lemma perpetuity_partial_Suc:
  "perpetuity_partial s (Suc n) = snd (s 0) + fst (s 0) * perpetuity_partial (\<lambda>i. s (Suc i)) n"
  unfolding perpetuity_partial_def
  by (simp add: sum.lessThan_Suc_shift prod.lessThan_Suc_shift sum_distrib_left mult.assoc
           del: sum.lessThan_Suc prod.lessThan_Suc)

lemma perp_partial_eq_perpetuity_partial:
  "perp_partial As Bs n \<omega> = perpetuity_partial (\<lambda>i. (As (Suc i) \<omega>, Bs (Suc i) \<omega>)) n"
proof (induction n)
  case 0
  then show ?case by (simp add: perp_partial_def perpetuity_partial_def)
next
  case (Suc n)
  have "Pi_prod As n \<omega> = (\<Prod>j<n. As (Suc j) \<omega>)"
    unfolding Pi_prod_def by (induction n) (simp_all add: prod.nat_ivl_Suc')
  with Suc show ?case by (simp add: perp_partial_def perpetuity_partial_def)
qed

lemma perpetuity_unfold:
  assumes "fst (s 0) \<noteq> 0" and "perpetuity_partial s \<longlonglongrightarrow> x"
  shows "x = snd (s 0) + fst (s 0) * perpetuity (\<lambda>i. s (Suc i))"
proof -
  have "(\<lambda>n. (perpetuity_partial s (Suc n) - snd (s 0)) / fst (s 0))
          \<longlonglongrightarrow> (x - snd (s 0)) / fst (s 0)"
    using LIMSEQ_Suc[OF assms(2)] assms(1) by (auto intro!: tendsto_intros)
  moreover have "(\<lambda>n. (perpetuity_partial s (Suc n) - snd (s 0)) / fst (s 0))
                   = perpetuity_partial (\<lambda>i. s (Suc i))"
    using assms(1) by (simp add: perpetuity_partial_Suc fun_eq_iff)
  ultimately have "perpetuity (\<lambda>i. s (Suc i)) = (x - snd (s 0)) / fst (s 0)"
    unfolding perpetuity_def by (simp add: limI)
  with assms(1) show ?thesis by simp
qed

lemma borel_measurable_perpetuity [measurable]:
  "perpetuity \<in> borel_measurable (PiM UNIV (\<lambda>_. borel))"
  unfolding perpetuity_def perpetuity_partial_def by measurable

lemma exp_abs_le_exp_plus_exp_uminus: "exp (r * \<bar>x :: real\<bar>) \<le> exp (r * x) + exp (- r * x)"
  by (cases "x \<ge> 0") (simp_all add: abs_of_nonneg abs_of_neg add_increasing add_increasing2)

lemma nn_integral_exp_abs_less_top_iff:
  fixes X :: "'a \<Rightarrow> real"
  assumes [measurable]: "X \<in> borel_measurable M" and "0 \<le> r"
  shows "(\<integral>\<^sup>+\<omega>. exp (r * \<bar>X \<omega>\<bar>) \<partial>M) < \<infinity> \<longleftrightarrow>
         (\<integral>\<^sup>+\<omega>. exp (r * X \<omega>) \<partial>M) < \<infinity> \<and> (\<integral>\<^sup>+\<omega>. exp (- r * X \<omega>) \<partial>M) < \<infinity>"
proof
  assume fin: "(\<integral>\<^sup>+\<omega>. exp (r * \<bar>X \<omega>\<bar>) \<partial>M) < \<infinity>"
  have "(\<integral>\<^sup>+\<omega>. exp (s * X \<omega>) \<partial>M) \<le> (\<integral>\<^sup>+\<omega>. exp (r * \<bar>X \<omega>\<bar>) \<partial>M)" if "\<bar>s\<bar> = r" for s
    using that by (intro nn_integral_mono) (auto simp flip: abs_mult)
  from this[of r] this[of "-r"] fin assms(2)
  show "(\<integral>\<^sup>+\<omega>. exp (r * X \<omega>) \<partial>M) < \<infinity> \<and> (\<integral>\<^sup>+\<omega>. exp (- r * X \<omega>) \<partial>M) < \<infinity>"
    by (auto dest: le_less_trans)
next
  assume fin: "(\<integral>\<^sup>+\<omega>. exp (r * X \<omega>) \<partial>M) < \<infinity> \<and> (\<integral>\<^sup>+\<omega>. exp (- r * X \<omega>) \<partial>M) < \<infinity>"
  have "(\<integral>\<^sup>+\<omega>. exp (r * \<bar>X \<omega>\<bar>) \<partial>M)
          \<le> (\<integral>\<^sup>+\<omega>. ennreal (exp (r * X \<omega>)) + ennreal (exp (- r * X \<omega>)) \<partial>M)"
  proof (rule nn_integral_mono)
    fix \<omega>
    show "ennreal (exp (r * \<bar>X \<omega>\<bar>)) \<le> ennreal (exp (r * X \<omega>)) + ennreal (exp (- r * X \<omega>))"
      using exp_abs_le_exp_plus_exp_uminus[of r "X \<omega>"] by (simp flip: ennreal_plus)
  qed
  also have "\<dots> = (\<integral>\<^sup>+\<omega>. exp (r * X \<omega>) \<partial>M) + (\<integral>\<^sup>+\<omega>. exp (- r * X \<omega>) \<partial>M)"
    by (rule nn_integral_add) measurable
  also have "\<dots> < \<infinity>"
    using fin by (simp add: ennreal_add_less_top)
  finally show "(\<integral>\<^sup>+\<omega>. exp (r * \<bar>X \<omega>\<bar>) \<partial>M) < \<infinity>" .
qed

lemma emeasure_vimage_eq_of_distr_eq:
  assumes "f \<in> measurable M N" "g \<in> measurable M N" "distr M N f = distr M N g" "S \<in> sets N"
  shows "emeasure M (f -` S \<inter> space M) = emeasure M (g -` S \<inter> space M)"
  using assms by (metis emeasure_distr)

lemma (in prob_space) indep_var_nn_integral_mult:
  assumes "indep_var borel X borel Y" "\<And>\<omega>. 0 \<le> X \<omega>" "\<And>\<omega>. 0 \<le> Y \<omega>"
  shows "(\<integral>\<^sup>+\<omega>. ennreal (X \<omega> * Y \<omega>) \<partial>M) = (\<integral>\<^sup>+\<omega>. X \<omega> \<partial>M) * (\<integral>\<^sup>+\<omega>. Y \<omega> \<partial>M)"
proof -
  have borel_bool: "case_bool borel borel = (\<lambda>_::bool. borel :: ennreal measure)"
    by (rule ext) (simp split: bool.split)
  have "indep_var borel (ennreal \<circ> X) borel (ennreal \<circ> Y)"
    by (rule indep_var_compose[OF assms(1)]) auto
  then have "indep_vars (\<lambda>_. borel) (case_bool (ennreal \<circ> X) (ennreal \<circ> Y)) UNIV"
    unfolding indep_var_def borel_bool .
  from indep_vars_nn_integral[OF _ this]
  have "(\<integral>\<^sup>+\<omega>. (\<Prod>i\<in>UNIV. case_bool (ennreal \<circ> X) (ennreal \<circ> Y) i \<omega>) \<partial>M)
          = (\<Prod>i\<in>UNIV. \<integral>\<^sup>+\<omega>. case_bool (ennreal \<circ> X) (ennreal \<circ> Y) i \<omega> \<partial>M)"
    by (auto split: bool.split)
  then show ?thesis
    using assms(2,3) by (simp add: UNIV_bool mult.commute ennreal_mult comp_def)
qed

locale iid_sequence = prob_space +
  fixes N :: "'b measure" and Z :: "nat \<Rightarrow> 'a \<Rightarrow> 'b" and D :: "'b measure"
  assumes indep: "indep_vars (\<lambda>_. N) Z {1..}"
    and identically_distributed: "\<And>n. 1 \<le> n \<Longrightarrow> distr M N (Z n) = D"
begin

text \<open>\<open>tail m\<close> is the sequence Z (m + 1), Z (m + 2), ...; thus \<open>tail 0\<close> is the whole sequence.\<close>

definition tail :: "nat \<Rightarrow> 'a \<Rightarrow> nat \<Rightarrow> 'b" where
  "tail m = (\<lambda>\<omega> i. Z (i + Suc m) \<omega>)"

lemma measurable_Z: "1 \<le> n \<Longrightarrow> Z n \<in> measurable M N"
  using indep by (auto simp: indep_vars_def)

lemma measurable_tail: "tail m \<in> measurable M (PiM UNIV (\<lambda>_. N))"
proof -
  have "(\<lambda>\<omega>. \<lambda>i\<in>UNIV. Z (i + Suc m) \<omega>) \<in> measurable M (PiM UNIV (\<lambda>_. N))"
    by (rule measurable_restrict) (simp add: measurable_Z)
  then show ?thesis
    by (simp add: tail_def restrict_UNIV)
qed

lemma distr_tail: "distr M (PiM UNIV (\<lambda>_. N)) (tail m) = PiM UNIV (\<lambda>_. D)"
proof -
  have "indep_vars (\<lambda>j. PiM {j + Suc m} (\<lambda>_. N)) (\<lambda>j \<omega>. restrict (\<lambda>i. Z i \<omega>) {j + Suc m}) UNIV"
    by (rule indep_vars_restrict[OF indep]) (auto simp: disjoint_family_on_def)
  then have "indep_vars (\<lambda>_. N) (\<lambda>j \<omega>. (\<lambda>f. f (j + Suc m)) (restrict (\<lambda>i. Z i \<omega>) {j + Suc m})) UNIV"
    by (rule indep_vars_compose2) (rule measurable_component_singleton, simp)
  then show ?thesis
    using indep_vars_iff_distr_eq_PiM'[of UNIV "\<lambda>j. Z (j + Suc m)" "\<lambda>_. N"]
    by (simp add: tail_def restrict_UNIV measurable_Z identically_distributed)
qed

lemma nn_integral_tail:
  assumes "f \<in> borel_measurable (PiM UNIV (\<lambda>_. N))"
  shows "(\<integral>\<^sup>+\<omega>. f (tail m \<omega>) \<partial>M) = (\<integral>\<^sup>+\<omega>. f (tail 0 \<omega>) \<partial>M)"
proof -
  have "(\<integral>\<^sup>+\<omega>. f (tail k \<omega>) \<partial>M) = (\<integral>\<^sup>+s. f s \<partial>distr M (PiM UNIV (\<lambda>_. N)) (tail k))" for k
    by (simp add: nn_integral_distr[OF measurable_tail] assms)
  then show ?thesis
    by (simp only: distr_tail)
qed

lemma indep_head_tail:
  assumes "g \<in> borel_measurable N" and "h \<in> borel_measurable (PiM UNIV (\<lambda>_. N))"
  shows "indep_var borel (\<lambda>\<omega>. g (Z 1 \<omega>)) borel (\<lambda>\<omega>. h (tail 1 \<omega>))"
proof -
  have head: "(\<lambda>f. g (f 1)) \<in> borel_measurable (PiM {1} (\<lambda>_. N))"
    by (rule measurable_compose[OF measurable_component_singleton[of 1] assms(1)]) simp
  have "(\<lambda>f. \<lambda>i\<in>UNIV. f (i + 2)) \<in> measurable (PiM {2::nat..} (\<lambda>_. N)) (PiM UNIV (\<lambda>_. N))"
    by (rule measurable_restrict) (rule measurable_component_singleton, simp)
  then have tail: "(\<lambda>f. h (\<lambda>i. f (i + 2))) \<in> borel_measurable (PiM {2::nat..} (\<lambda>_. N))"
    using measurable_compose[OF _ assms(2)] by (simp add: restrict_UNIV)
  show ?thesis
    using indep_var_compose[OF indep_var_restrict[OF indep, of "{1}" "{2..}"] head tail]
    by (simp add: comp_def tail_def numeral_2_eq_2)
qed

end

locale iid_perpetuity = iid_sequence M borel Z D
  for M :: "'a measure" and Z :: "nat \<Rightarrow> 'a \<Rightarrow> real \<times> real" and D +
  fixes X :: "'a \<Rightarrow> real"
  assumes measurable_X [measurable]: "X \<in> borel_measurable M"
    and perpetuity_converges: "AE \<omega> in M. perpetuity_partial (tail 0 \<omega>) \<longlonglongrightarrow> X \<omega>"
begin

Exercise details:
Copy out the lines above exactly, beginning at the one that contains "fix \<omega>" and ending at the one that contains "from indep_vars_nn_integral[OF _ this]".

Output for this exercise:
    fix \<omega>
    show "ennreal (exp (r * \<bar>X \<omega>\<bar>)) \<le> ennreal (exp (r * X \<omega>)) + ennreal (exp (- r * X \<omega>))"
      using exp_abs_le_exp_plus_exp_uminus[of r "X \<omega>"] by (simp flip: ennreal_plus)
  qed
  also have "\<dots> = (\<integral>\<^sup>+\<omega>. exp (r * X \<omega>) \<partial>M) + (\<integral>\<^sup>+\<omega>. exp (- r * X \<omega>) \<partial>M)"
    by (rule nn_integral_add) measurable
  also have "\<dots> < \<infinity>"
    using fin by (simp add: ennreal_add_less_top)
  finally show "(\<integral>\<^sup>+\<omega>. exp (r * \<bar>X \<omega>\<bar>) \<partial>M) < \<infinity>" .
qed

lemma emeasure_vimage_eq_of_distr_eq:
  assumes "f \<in> measurable M N" "g \<in> measurable M N" "distr M N f = distr M N g" "S \<in> sets N"
  shows "emeasure M (f -` S \<inter> space M) = emeasure M (g -` S \<inter> space M)"
  using assms by (metis emeasure_distr)

lemma (in prob_space) indep_var_nn_integral_mult:
  assumes "indep_var borel X borel Y" "\<And>\<omega>. 0 \<le> X \<omega>" "\<And>\<omega>. 0 \<le> Y \<omega>"
  shows "(\<integral>\<^sup>+\<omega>. ennreal (X \<omega> * Y \<omega>) \<partial>M) = (\<integral>\<^sup>+\<omega>. X \<omega> \<partial>M) * (\<integral>\<^sup>+\<omega>. Y \<omega> \<partial>M)"
proof -
  have borel_bool: "case_bool borel borel = (\<lambda>_::bool. borel :: ennreal measure)"
    by (rule ext) (simp split: bool.split)
  have "indep_var borel (ennreal \<circ> X) borel (ennreal \<circ> Y)"
    by (rule indep_var_compose[OF assms(1)]) auto
  then have "indep_vars (\<lambda>_. borel) (case_bool (ennreal \<circ> X) (ennreal \<circ> Y)) UNIV"
    unfolding indep_var_def borel_bool .
  from indep_vars_nn_integral[OF _ this]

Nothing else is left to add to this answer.